# Data extract:
(* minimum cardinality of a co-even dominating set (V itself is one, so the set is nonempty) *)
definition gamma_coe :: "'v set \<Rightarrow> 'e set \<Rightarrow> ('e \<Rightarrow> 'v set) \<Rightarrow> nat" where
  "gamma_coe V E ends = Min (card ` {D. coeven_dominating_set V E ends D})"

(* Contraction of edge e with endpoints u, v into the vertex w
   (w is either fresh or one of u, v). *)
definition merge_vertex :: "'v \<Rightarrow> 'v \<Rightarrow> 'v \<Rightarrow> 'v \<Rightarrow> 'v" where
  "merge_vertex u v w x = (if x = u \<or> x = v then w else x)"

definition contract_V :: "'v set \<Rightarrow> 'v \<Rightarrow> 'v \<Rightarrow> 'v \<Rightarrow> 'v set" where
  "contract_V V u v w = merge_vertex u v w ` V"

definition contract_E :: "'e set \<Rightarrow> 'e \<Rightarrow> 'e set" where
  "contract_E E e = E - {e}"

definition contract_ends :: "('e \<Rightarrow> 'v set) \<Rightarrow> 'v \<Rightarrow> 'v \<Rightarrow> 'v \<Rightarrow> 'e \<Rightarrow> 'v set" where
  "contract_ends ends u v w a = merge_vertex u v w ` ends a"

end

theory Submission
  imports Defs
begin

text \<open>A minimum co-even dominating set of \<open>G\<close> is mapped by the contraction onto a co-even
  dominating set of \<open>G/e\<close>: the merged vertex \<open>w\<close> has degree \<open>deg u + deg v - 2\<close>, so it is even
  whenever \<open>u\<close> and \<open>v\<close> are both outside the set. Conversely, replacing \<open>w\<close> by \<open>u\<close> and \<open>v\<close> in a
  co-even dominating set of \<open>G/e\<close> gives one of \<open>G\<close> with at most two more vertices, since every
  edge at \<open>w\<close> in \<open>G/e\<close> comes from an edge at \<open>u\<close> or at \<open>v\<close>.\<close>

lemma coeven_dominating_set_subset:
  "coeven_dominating_set V E ends D \<Longrightarrow> D \<subseteq> V"
  by (simp add: coeven_dominating_set_def dominating_set_def)

lemma coeven_dominating_set_whole: "coeven_dominating_set V E ends V"
  by (simp add: coeven_dominating_set_def dominating_set_def)

lemma finite_coeven_dominating_sets:
  "finite V \<Longrightarrow> finite {D. coeven_dominating_set V E ends D}"
  by (rule finite_subset[of _ "Pow V"]) (auto dest: coeven_dominating_set_subset)

lemma gamma_coe_le_card:
  assumes "finite V" "coeven_dominating_set V E ends D"
  shows "gamma_coe V E ends \<le> card D"
  unfolding gamma_coe_def using assms finite_coeven_dominating_sets[OF assms(1)]
  by (intro Min_le) auto

lemma gamma_coe_attained:
  assumes "finite V"
  obtains D where "coeven_dominating_set V E ends D" "card D = gamma_coe V E ends"
proof -
  have "card V \<in> card ` {D. coeven_dominating_set V E ends D}"
    using coeven_dominating_set_whole by blast
  then have "gamma_coe V E ends \<in> card ` {D. coeven_dominating_set V E ends D}"
    unfolding gamma_coe_def using finite_coeven_dominating_sets[OF assms]
    by (intro Min_in) auto
  then show ?thesis using that by auto
qed

lemma gamma_coe_le_by_transfer:
  assumes "finite V" "finite V2"
    and transfer: "\<And>D. coeven_dominating_set V E ends D \<Longrightarrow>
      \<exists>D2. coeven_dominating_set V2 E2 ends2 D2 \<and> card D2 \<le> card D + k"
  shows "gamma_coe V2 E2 ends2 \<le> gamma_coe V E ends + k"
proof -
  obtain D where D: "coeven_dominating_set V E ends D" "card D = gamma_coe V E ends"
    using gamma_coe_attained[OF assms(1)] .
  then obtain D2 where "coeven_dominating_set V2 E2 ends2 D2" "card D2 \<le> card D + k"
    using transfer by blast
  with D(2) gamma_coe_le_card[OF assms(2)] show ?thesis by fastforce
qed

locale edge_contraction =
  fixes V :: "'v set" and E :: "'e set" and ends :: "'e \<Rightarrow> 'v set"
    and e :: 'e and u v w :: 'v
  assumes graph: "loopless_graph V E ends"
    and e_in_E: "e \<in> E" and ends_e: "ends e = {u, v}"
    and w_fresh: "w \<notin> V - {u, v}"
    and no_parallel: "\<And>a. a \<in> E \<Longrightarrow> a \<noteq> e \<Longrightarrow> \<not> {u, v} \<subseteq> ends a"
begin

abbreviation "merge \<equiv> merge_vertex u v w"
abbreviation "V' \<equiv> contract_V V u v w"
abbreviation "E' \<equiv> contract_E E e"
abbreviation "ends' \<equiv> contract_ends ends u v w"

lemma finite_V: "finite V" and ends_subset: "a \<in> E \<Longrightarrow> ends a \<subseteq> V"
  and card_ends: "a \<in> E \<Longrightarrow> card (ends a) = 2"
  using graph by (auto simp: loopless_graph_def)

lemma u_in_V: "u \<in> V" and v_in_V: "v \<in> V"
  using ends_subset[OF e_in_E] ends_e by auto

lemma finite_V': "finite V'"
  using finite_V by (simp add: contract_V_def)

lemma merge_eq_w_iff: "z \<in> V \<Longrightarrow> merge z = w \<longleftrightarrow> z = u \<or> z = v"
  using w_fresh by (auto simp: merge_vertex_def)

lemma merge_eq_iff: "z \<in> V \<Longrightarrow> x \<in> V - {u, v} \<Longrightarrow> merge z = x \<longleftrightarrow> z = x"
  using w_fresh by (auto simp: merge_vertex_def)

lemma merge_other: "x \<notin> {u, v} \<Longrightarrow> merge x = x"
  by (simp add: merge_vertex_def)

lemma mem_V'_iff: "x \<in> V' \<longleftrightarrow> x = w \<or> x \<in> V - {u, v}"
  using u_in_V by (auto simp: contract_V_def merge_vertex_def)

lemma deg_contract_other:
  assumes x: "x \<in> V - {u, v}"
  shows "deg E' ends' x = deg E ends x"
proof -
  have "x \<in> ends' a \<longleftrightarrow> x \<in> ends a" if "a \<in> E" for a
  proof -
    have "x \<in> ends' a \<longleftrightarrow> (\<exists>z\<in>ends a. merge z = x)"
      unfolding contract_ends_def by blast
    also have "\<dots> \<longleftrightarrow> (\<exists>z\<in>ends a. z = x)"
      using merge_eq_iff[OF subsetD[OF ends_subset[OF that]] x] by blast
    finally show ?thesis by simp
  qed
  then have "{a \<in> E'. x \<in> ends' a} = {a \<in> E. x \<in> ends a}"
    using x ends_e by (auto simp: contract_E_def)
  then show ?thesis by (simp add: deg_def)
qed

text \<open>An edge other than \<open>e\<close> joining \<open>u\<close> and \<open>v\<close> would be counted twice on the right but
  only once on the left; this is why \<open>G/e\<close> must be loopless.\<close>

lemma deg_contract_merged: "deg E' ends' w + 2 = deg E ends u + deg E ends v"
proof -
  let ?A = "{a \<in> E. u \<in> ends a}" and ?B = "{a \<in> E. v \<in> ends a}"
  have "finite E" using graph by (simp add: loopless_graph_def)
  then have fin: "finite ?A" "finite ?B" by auto
  have e_in: "e \<in> ?A" "e \<in> ?B" using e_in_E ends_e by auto
  have "w \<in> ends' a \<longleftrightarrow> u \<in> ends a \<or> v \<in> ends a" if "a \<in> E" for a
  proof -
    have "w \<in> ends' a \<longleftrightarrow> (\<exists>z\<in>ends a. merge z = w)"
      by (metis contract_ends_def image_iff)
    also have "\<dots> \<longleftrightarrow> (\<exists>z\<in>ends a. z = u \<or> z = v)"
      using merge_eq_w_iff ends_subset[OF that] by blast
    finally show ?thesis by blast
  qed
  then have "{a \<in> E'. w \<in> ends' a} = (?A - {e}) \<union> (?B - {e})"
    by (auto simp: contract_E_def)
  moreover have "(?A - {e}) \<inter> (?B - {e}) = {}" using no_parallel by auto
  ultimately have "deg E' ends' w = card (?A - {e}) + card (?B - {e})"
    using fin by (simp add: deg_def card_Un_disjoint)
  moreover have "card ?A > 0" "card ?B > 0" using fin e_in by (auto simp: card_gt_0_iff)
  ultimately show ?thesis using fin e_in by (simp add: deg_def card_Diff_singleton)
qed

lemma adjacent_contract:
  assumes "adjacent E ends x y" "merge x \<noteq> merge y"
  shows "adjacent E' ends' (merge x) (merge y)"
proof -
  obtain a where a: "a \<in> E" "ends a = {x, y}"
    using assms(1) by (auto simp: adjacent_def)
  have "a \<noteq> e"
    using a(2) ends_e assms(2) by (auto simp: doubleton_eq_iff merge_vertex_def)
  then show ?thesis
    using a assms(2) by (auto simp: adjacent_def contract_E_def contract_ends_def)
qed

lemma adjacent_expand:
  assumes "adjacent E' ends' x y" "x \<in> V - {u, v}"
  obtains z where "z \<in> V" "merge z = y" "adjacent E ends x z"
proof -
  obtain a where a: "a \<in> E" "a \<noteq> e" "merge ` ends a = {x, y}" "x \<noteq> y"
    using assms(1) by (auto simp: adjacent_def contract_E_def contract_ends_def)
  obtain p q where pq: "ends a = {p, q}" "p \<noteq> q"
    using card_ends[OF a(1)] by (auto simp: card_2_iff)
  have pq_V: "p \<in> V" "q \<in> V" using ends_subset[OF a(1)] pq(1) by auto
  have "{merge p, merge q} = {x, y}" using a(3) pq(1) by simp
  with a(4) consider "merge p = x" "merge q = y" | "merge q = x" "merge p = y"
    by (auto simp: doubleton_eq_iff)
  then show ?thesis
  proof cases
    case 1
    then show ?thesis using that[of q] pq_V a(1) pq merge_eq_iff[OF pq_V(1) assms(2)]
      by (auto simp: adjacent_def)
  next
    case 2
    then show ?thesis using that[of p] pq_V a(1) pq merge_eq_iff[OF pq_V(2) assms(2)]
      by (auto simp: adjacent_def insert_commute)
  qed
qed

lemma coeven_dominating_contract:
  assumes D: "coeven_dominating_set V E ends D"
  shows "coeven_dominating_set V' E' ends' (merge ` D)"
  unfolding coeven_dominating_set_def dominating_set_def
proof (intro conjI ballI)
  show "merge ` D \<subseteq> V'"
    using coeven_dominating_set_subset[OF D] by (auto simp: contract_V_def)
  fix x' assume x': "x' \<in> V' - merge ` D"
  then obtain x where x: "x \<in> V" "x' = merge x" by (auto simp: contract_V_def)
  with x' have "x \<in> V - D" by auto
  then obtain y where y: "y \<in> D" "adjacent E ends x y"
    using D unfolding coeven_dominating_set_def dominating_set_def by blast
  with x x' have "merge x \<noteq> merge y" by auto
  with x y show "\<exists>y'\<in>merge ` D. adjacent E' ends' x' y'"
    by (auto dest: adjacent_contract)
  show "even (deg E' ends' x')"
  proof (cases "x' = w")
    case True
    with x' have "u \<in> V - D" "v \<in> V - D"
      using u_in_V v_in_V by (auto simp: merge_vertex_def image_iff)
    then have "even (deg E ends u + deg E ends v)"
      using D by (simp add: coeven_dominating_set_def)
    then show ?thesis using True deg_contract_merged by (metis even_add even_numeral)
  next
    case False
    with x' have "x' \<in> V - {u, v}" "x' \<notin> D"
      by (auto simp: mem_V'_iff merge_other image_iff)
    then show ?thesis
      using D deg_contract_other by (simp add: coeven_dominating_set_def)
  qed
qed

lemma coeven_dominating_expand:
  assumes D': "coeven_dominating_set V' E' ends' D'"
  shows "coeven_dominating_set V E ends (D' - {w} \<union> {u, v})" (is "coeven_dominating_set _ _ _ ?D")
  unfolding coeven_dominating_set_def dominating_set_def
proof (intro conjI ballI)
  show "?D \<subseteq> V"
    using coeven_dominating_set_subset[OF D'] u_in_V v_in_V by (auto simp: mem_V'_iff)
  fix x assume "x \<in> V - ?D"
  with w_fresh have x: "x \<in> V - {u, v}" "x \<in> V' - D'" by (auto simp: mem_V'_iff)
  then have "even (deg E' ends' x)"
    using D' unfolding coeven_dominating_set_def by blast
  then show "even (deg E ends x)" using deg_contract_other[OF x(1)] by simp
  obtain y where "y \<in> D'" "adjacent E' ends' x y"
    using D' x(2) unfolding coeven_dominating_set_def dominating_set_def by blast
  then obtain z where z: "z \<in> V" "merge z \<in> D'" "adjacent E ends x z"
    using adjacent_expand x(1) by metis
  have "z \<in> ?D"
    using z(1,2) w_fresh by (cases "z \<in> {u, v}") (auto simp: merge_other)
  with z(3) show "\<exists>y\<in>?D. adjacent E ends x y" by blast
qed

lemma gamma_coe_contract_le: "gamma_coe V' E' ends' \<le> gamma_coe V E ends"
proof -
  have "gamma_coe V' E' ends' \<le> gamma_coe V E ends + 0"
  proof (rule gamma_coe_le_by_transfer[OF finite_V finite_V'])
    fix D assume D: "coeven_dominating_set V E ends D"
    have "card (merge ` D) \<le> card D"
      using card_image_le finite_subset[OF coeven_dominating_set_subset[OF D] finite_V] by blast
    with coeven_dominating_contract[OF D]
    show "\<exists>D2. coeven_dominating_set V' E' ends' D2 \<and> card D2 \<le> card D + 0" by auto
  qed
  then show ?thesis by simp
qed

lemma gamma_coe_le_contract_add_2: "gamma_coe V E ends \<le> gamma_coe V' E' ends' + 2"
proof (rule gamma_coe_le_by_transfer[OF finite_V' finite_V])
  fix D' assume D': "coeven_dominating_set V' E' ends' D'"
  have "card (D' - {w} \<union> {u, v}) \<le> card (D' - {w}) + card {u, v}"
    by (rule card_Un_le)
  also have "\<dots> \<le> card D' + 2"
    using card_Diff1_le[of D' w] by (simp add: card_insert_if)
  finally have "card (D' - {w} \<union> {u, v}) \<le> card D' + 2" .
  with coeven_dominating_expand[OF D']
  show "\<exists>D. coeven_dominating_set V E ends D \<and> card D \<le> card D' + 2" by blast
qed

end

# Work request:
Please give an exact copy of the entries above, from the line with "then show ?thesis using that by auto" down to the line with "E \<Longrightarrow> card", inclusive, and nothing else.

# Written solution:
  then show ?thesis using that by auto
qed

lemma gamma_coe_le_by_transfer:
  assumes "finite V" "finite V2"
    and transfer: "\<And>D. coeven_dominating_set V E ends D \<Longrightarrow>
      \<exists>D2. coeven_dominating_set V2 E2 ends2 D2 \<and> card D2 \<le> card D + k"
  shows "gamma_coe V2 E2 ends2 \<le> gamma_coe V E ends + k"
proof -
  obtain D where D: "coeven_dominating_set V E ends D" "card D = gamma_coe V E ends"
    using gamma_coe_attained[OF assms(1)] .
  then obtain D2 where "coeven_dominating_set V2 E2 ends2 D2" "card D2 \<le> card D + k"
    using transfer by blast
  with D(2) gamma_coe_le_card[OF assms(2)] show ?thesis by fastforce
qed

locale edge_contraction =
  fixes V :: "'v set" and E :: "'e set" and ends :: "'e \<Rightarrow> 'v set"
    and e :: 'e and u v w :: 'v
  assumes graph: "loopless_graph V E ends"
    and e_in_E: "e \<in> E" and ends_e: "ends e = {u, v}"
    and w_fresh: "w \<notin> V - {u, v}"
    and no_parallel: "\<And>a. a \<in> E \<Longrightarrow> a \<noteq> e \<Longrightarrow> \<not> {u, v} \<subseteq> ends a"
begin

abbreviation "merge \<equiv> merge_vertex u v w"
abbreviation "V' \<equiv> contract_V V u v w"
abbreviation "E' \<equiv> contract_E E e"
abbreviation "ends' \<equiv> contract_ends ends u v w"

lemma finite_V: "finite V" and ends_subset: "a \<in> E \<Longrightarrow> ends a \<subseteq> V"
  and card_ends: "a \<in> E \<Longrightarrow> card (ends a) = 2"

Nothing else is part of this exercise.